True or False: ObamaCare Will Bring Down Medical Costs
Suppose I were a skeptic of major promises made about last year's health care overhaul. Now
suppose I were Medicare's chief actuary. But I repeat myself:
Two of the central promises of President Barack Obama's health care overhaul law are unlikely to be fulfilled, Medicare's independent economic expert told Congress on Wednesday.
The landmark legislation probably won't hold costs down, and it won't let everybody keep their current health insurance if they like it, Chief Actuary Richard Foster told the House Budget Committee. His office is responsible for independent long-range cost estimates.
Foster's assessment came a day after Obama in his State of the Union message told lawmakers that he's open to improvements in the law, but unwilling to rehash the health care debate of the past two years. Republicans want to repeal the landmark legislation that provides coverage to more than 30 million people now uninsured, but lack the votes.
Foster was asked by Rep. Tom McClintock, R-Calif., for a simple true or false response on two of the main assertions made by supporters of the law: that it will bring down unsustainable medical costs and will let people keep their current health insurance if they like it.
On the costs issue, "I would say false, more so than true," Foster responded.
As for people getting to keep their coverage, "not true in all cases."
So those promised cost reductions probably won't happen under Obama's plan. Is there perhaps another plan that Foster thinks is more likely to produce such savings? Here's The Daily Caller's Jon Ward with the actuary's answer:
[Democratic Rep. Chris] Van Hollen pressed Foster on whether [GOP Rep. Paul] Ryan's plan [the Roadmap for America's Future] would work, prompting Foster to point out that one of the biggest problems in health care now is that most new technology that is developed increases costs rather than decreasing it.
"If there's a way to turn around the mindset for the people who do the research and development … to get them to focus more on cost-reducing tech and less on cost increasing technology, if you can do that then one of biggest components of [increasing costs] turns to your side," Foster said. "If you can put that pressure on the research and development community, you might have fighting chance of changing the nature of new medical technology in a way that makes lower cost levels possible."

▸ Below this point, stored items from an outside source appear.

(* For a Galton--Watson fractal model with contraction ratio $\rho$, there is a constant $c>0$ depending only on the model such that for all $s>0$ and all integers $0\le m<n$, \[ \mathbb{P}\bigl[\operatorname{Fav}(S_n)>Z_m\mu_{n-m}+s\bigm| S_m\bigr]\le\exp\Bigl(-\frac{c\,s^2}{Z_m\rho^m}\Bigr). \]
   Context: Galton--Watson (GW) fractal model: let $J_0\subset\mathbb{R}^2$ be a compact set equal to the closure of its interior, with finitely many connected components. Let $\mathfrak X=(\mathbf L;h_1(J_0),\dots,h_{\mathbf L}(J_0))$ be a random variable where $\mathbf L\in\{0,1,2,\dots\}$ is bounded, each $h_i$ is a homothety with contraction ratio $\rho\in(0,1)$ and $h_i(J_0)\subset J_0$, and $\mathbb{E}[\mathbf L]=\rho^{-1}$. Set $\mathcal{S}_0=\{J_0\}$, $S_0=J_0$; given $\mathcal{S}_n$, for each $R\in\mathcal{S}_n$ take an independent realization of $\mathfrak X$ (independent of $\mathcal{S}_n$) and let $\mathcal{S}_{n+1}$ consist of the images $g_R(h^R_i(J_0))$ where $g_R$ is the homothety with $g_R(J_0)=R$; $S_{n+1}=\bigcup\mathcal{S}_{n+1}$. $Z_m=\rho^m\#\mathcal{S}_m$, $\mu_k=\mathbb{E}[\operatorname{Fav}(S_k)]$, and conditioning on $S_m$ means conditioning on the realization of $\mathcal{S}_m$. $\operatorname{Fav}(A)=\int_0^\pi|\operatorname{proj}_\theta A|\,d\theta$ with $\operatorname{proj}_\theta(x)=\langle x,(-\sin\theta,\cos\theta)\rangle$. *)

theory Defs
  imports "HOL-Analysis.Analysis" "HOL-Probability.Probability"
begin

definition proj :: "real \<Rightarrow> real^2 \<Rightarrow> real" where
  "proj \<theta> x = - sin \<theta> * (x $ 1) + cos \<theta> * (x $ 2)"

definition Fav :: "(real^2) set \<Rightarrow> real" where
  "Fav A = (LINT \<theta>:{0..pi}|lborel. measure lborel (proj \<theta> ` A))"

text \<open>One realization of the offspring variable X is a pair (L, a): the number L of children
  and translation vectors a i, the i-th child map being h_i x = rho x + a i (i < L).
  A realization of the whole GW process is an assignment of such a pair to every node of the
  (Ulam-Harris) tree; nodes are lists, the head being the last step.
  gw_pos rho w v = Some b iff the node v is alive, and then the piece attached to v is
  g_v(J0) with g_v x = rho^(length v) x + b.\<close>
fun gw_pos :: "real \<Rightarrow> (nat list \<Rightarrow> nat \<times> (nat \<Rightarrow> real^2)) \<Rightarrow> nat list \<Rightarrow> (real^2) option" where
  "gw_pos \<rho> \<omega> [] = Some 0"
| "gw_pos \<rho> \<omega> (i # v) =
     (case gw_pos \<rho> \<omega> v of
        None \<Rightarrow> None
      | Some b \<Rightarrow> if i < fst (\<omega> v) then Some (b + (\<rho> ^ length v) *\<^sub>R snd (\<omega> v) i) else None)"

text \<open>Alive nodes of generation n (indexing the collection \<S>_n, with multiplicity).\<close>
definition gw_nodes :: "real \<Rightarrow> (nat list \<Rightarrow> nat \<times> (nat \<Rightarrow> real^2)) \<Rightarrow> nat \<Rightarrow> nat list set" where
  "gw_nodes \<rho> \<omega> n = {v. length v = n \<and> gw_pos \<rho> \<omega> v \<noteq> None}"

definition gw_S :: "(real^2) set \<Rightarrow> real \<Rightarrow> (nat list \<Rightarrow> nat \<times> (nat \<Rightarrow> real^2)) \<Rightarrow> nat \<Rightarrow> (real^2) set" where
  "gw_S J0 \<rho> \<omega> n = (\<Union>v\<in>gw_nodes \<rho> \<omega> n. (\<lambda>x. (\<rho> ^ n) *\<^sub>R x + the (gw_pos \<rho> \<omega> v)) ` J0)"

definition gw_Z :: "real \<Rightarrow> (nat list \<Rightarrow> nat \<times> (nat \<Rightarrow> real^2)) \<Rightarrow> nat \<Rightarrow> real" where
  "gw_Z \<rho> \<omega> n = \<rho> ^ n * real (card (gw_nodes \<rho> \<omega> n))"

definition gw_space :: "(nat \<times> (nat \<Rightarrow> real^2)) measure \<Rightarrow> (nat list \<Rightarrow> nat \<times> (nat \<Rightarrow> real^2)) measure" where
  "gw_space D = (\<Pi>\<^sub>M v\<in>UNIV. D)"

text \<open>The information up to generation m: the sigma-algebra generated by the offspring
  variables of all nodes of depth < m (these determine \<S>_m).\<close>
definition gw_filt :: "(nat \<times> (nat \<Rightarrow> real^2)) measure \<Rightarrow> nat \<Rightarrow> (nat list \<Rightarrow> nat \<times> (nat \<Rightarrow> real^2)) measure" where
  "gw_filt D m = vimage_algebra (space (gw_space D)) (\<lambda>\<omega>. restrict \<omega> {v. length v < m})
                   (\<Pi>\<^sub>M v\<in>{v. length v < m}. D)"

end

(*
  Conditionally on the first m generations, S_n is the union, over the #S_m = Z_m rho^-m nodes v
  of generation m, of the rescaled and translated copies rho^m S'_v + b_v of independent copies
  S'_v of S_(n-m). Favard length is subadditive and scales linearly, so Fav(S_n) is at most the
  sum of the independent variables rho^m Fav(S'_v), each of mean rho^m mu_(n-m) and with values
  in [0, rho^m Fav J0]. Hoeffding's inequality for these summands gives the bound with
  c = 2 / (Fav J0 + 1)^2. The conditioning is made explicit by splitting the product space of
  offspring variables into the coordinates of depth < m and the remaining ones and using Fubini.
*)

theory Submission
  imports Defs
begin

section \<open>Galton-Watson trees\<close>

type_synonym gw_realization = "nat list \<Rightarrow> nat \<times> (nat \<Rightarrow> real^2)"

fun gw_alive :: "gw_realization \<Rightarrow> nat list \<Rightarrow> bool" where
  "gw_alive \<omega> [] = True"
| "gw_alive \<omega> (i # v) = (gw_alive \<omega> v \<and> i < fst (\<omega> v))"

fun gw_offset :: "real \<Rightarrow> gw_realization \<Rightarrow> nat list \<Rightarrow> real^2" where
  "gw_offset \<rho> \<omega> [] = 0"
| "gw_offset \<rho> \<omega> (i # v) = gw_offset \<rho> \<omega> v + (\<rho> ^ length v) *\<^sub>R snd (\<omega> v) i"

definition gw_subtree :: "nat list \<Rightarrow> gw_realization \<Rightarrow> gw_realization" where
  "gw_subtree v \<omega> = (\<lambda>u. \<omega> (u @ v))"

lemma gw_pos_eq: "gw_pos \<rho> \<omega> v = (if gw_alive \<omega> v then Some (gw_offset \<rho> \<omega> v) else None)"
  by (induction v) auto

lemma gw_nodes_eq: "gw_nodes \<rho> \<omega> n = {v. length v = n \<and> gw_alive \<omega> v}"
  unfolding gw_nodes_def gw_pos_eq by auto

lemma gw_S_eq: "gw_S J0 \<rho> \<omega> n = (\<Union>v\<in>gw_nodes \<rho> \<omega> n. (\<lambda>x. (\<rho> ^ n) *\<^sub>R x + gw_offset \<rho> \<omega> v) ` J0)"
  unfolding gw_S_def by (intro SUP_cong refl) (simp add: gw_nodes_eq gw_pos_eq)

lemma gw_nodes_0: "gw_nodes \<rho> \<omega> 0 = {[]}"
  by (auto simp: gw_nodes_eq)
(* Let $\vec p,\vec s$ be $n$-tuples with entries in $[1,\infty]$, $1\le\alpha\le\infty$, with $\frac1n\sum_{i=1}^n\frac1{s_i}\le\frac1\alpha\le\frac1n\sum_{i=1}^n\frac1{p_i}$. For every constant $\rho\in(0,\infty)$ there exist constants $0<c\le C$ (independent of $f$ and $r$) such that for all $f\in L^1_{loc}(\mathbb R^n)$ and all $r>0$, $$c\,\big\|\,\|f\chi_{B(\cdot,\rho r)}\|_{L^{\vec p}}\big\|_{L^{\vec s}}\le\big\|\,\|f\chi_{B(\cdot,r)}\|_{L^{\vec p}}\big\|_{L^{\vec s}}\le C\,\big\|\,\|f\chi_{B(\cdot,\rho r)}\|_{L^{\vec p}}\big\|_{L^{\vec s}}.$$
   Context: For $\vec p=(p_1,\dots,p_n)$ with $1\le p_i\le\infty$, $\|f\|_{L^{\vec p}}=\Big(\int_{\mathbb R}\cdots\Big(\int_{\mathbb R}|f(x)|^{p_1}\,dx_1\Big)^{p_2/p_1}\cdots dx_n\Big)^{1/p_n}$ (usual modification when some $p_i=\infty$). $B(y,r)$ is the open ball of center $y$ and radius $r$, $\chi_E$ the characteristic function of $E$; $\big\|\,\|f\chi_{B(\cdot,r)}\|_{L^{\vec p}}\big\|_{L^{\vec s}}$ denotes the $L^{\vec s}$-norm of the function $y\mapsto\|f\chi_{B(y,r)}\|_{L^{\vec p}}$. *)

theory Defs
  imports "HOL-Analysis.Analysis"
begin
definition real_analytic_circle_section :: "(complex \<Rightarrow> cmat2) \<Rightarrow> bool" where
  "real_analytic_circle_section X \<longleftrightarrow> real_analytic_mat_on UNIV (\<lambda>\<theta>. X (cis \<theta>))"

definition analytic_line_subbundle :: "(complex \<Rightarrow> cmat2 set) \<Rightarrow> bool" where
  "analytic_line_subbundle E \<longleftrightarrow>
     (\<forall>\<theta>0::real. \<exists>r>0. \<exists>s :: real \<Rightarrow> cmat2.
        real_analytic_mat_on {\<theta>0 - r <..< \<theta>0 + r} s \<and>
        (\<forall>\<theta>\<in>{\<theta>0 - r <..< \<theta>0 + r}. s \<theta> \<noteq> 0 \<and> E (cis \<theta>) = cspan1 (s \<theta>)))"

end

theory Submission
  imports Defs "HOL-Complex_Analysis.Cauchy_Integral_Formula"
begin

text \<open>
  Normalise each fibre to its unique element of trace one.  This is possible, and gives
  \<open>X = s / trace s\<close> for any local analytic frame \<open>s\<close>, once frames never have trace zero.
  A line containing a positive definite matrix satisfies \<open>4 |det| \<le> |trace|\<^sup>2\<close> (AM-GM for
  the eigenvalues; both sides scale by \<open>|c|\<^sup>2\<close>), and by continuity this closed condition
  survives at the finitely many exceptional points.  A nonzero trace-free \<open>s\<close> with
  \<open>s\<^sup>* \<in> \<complex>s\<close> violates it, since then \<open>det s \<noteq> 0\<close>.  So \<open>X\<close> is real-analytic and Hermitian;
  at the generic points it is \<open>P / trace P\<close> for a positive definite \<open>P\<close>, hence positive
  definite, and positive semidefiniteness extends to the whole circle by continuity.
\<close>

section \<open>Real-analytic functions of a real variable\<close>

lemma powser_summable_ball_of_real:
  fixes a :: "nat \<Rightarrow> complex"
  assumes "\<forall>y. \<bar>y - x\<bar> < r \<longrightarrow> summable (\<lambda>n. a n * complex_of_real (y - x) ^ n)"
    and "w \<in> ball (of_real x) r"
  shows "summable (\<lambda>n. a n * (w - of_real x) ^ n)"
proof -
  define \<rho> where "\<rho> = (cmod (w - of_real x) + r) / 2"
  have "cmod (w - of_real x) < r"
    using assms(2) by (simp add: dist_norm norm_minus_commute)
  then have lt: "cmod (w - of_real x) < \<rho>" "\<rho> < r"
    by (simp_all add: \<rho>_def)
  then have "\<bar>\<rho>\<bar> < r"
    using norm_ge_zero[of "w - of_real x"] by linarith
  then have "summable (\<lambda>n. a n * complex_of_real \<rho> ^ n)"
    using assms(1)[rule_format, of "x + \<rho>"] by simp
  then show ?thesis
    by (rule powser_inside) (use lt in simp)
qed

Foster said: "The Roadmap has that potential. There is some potential for the Affordable Care Act price reductions, though I'm a little less confident about that."
On the one hand, you have the president's health care overhaul, which expands on our current unaffordable system of open-ended support for health coverage. It gathers health insurers into heavily regulated, government-run exchanges and which sets up a variety of new mechanisms for holding down costs through increased micromanagement and centralized decision making. Inevitably, those decisions become politicized, and costs become extremely to hold down.
On the other hand, you have Ryan's plan, which, over the long haul, caps the government's contribution to each individual and gives those individuals a choice about how and where to spend their health care dollars. It's not a perfect plan, but it seems far more likely to produce a basically fiscally sustainable system than the one we just passed.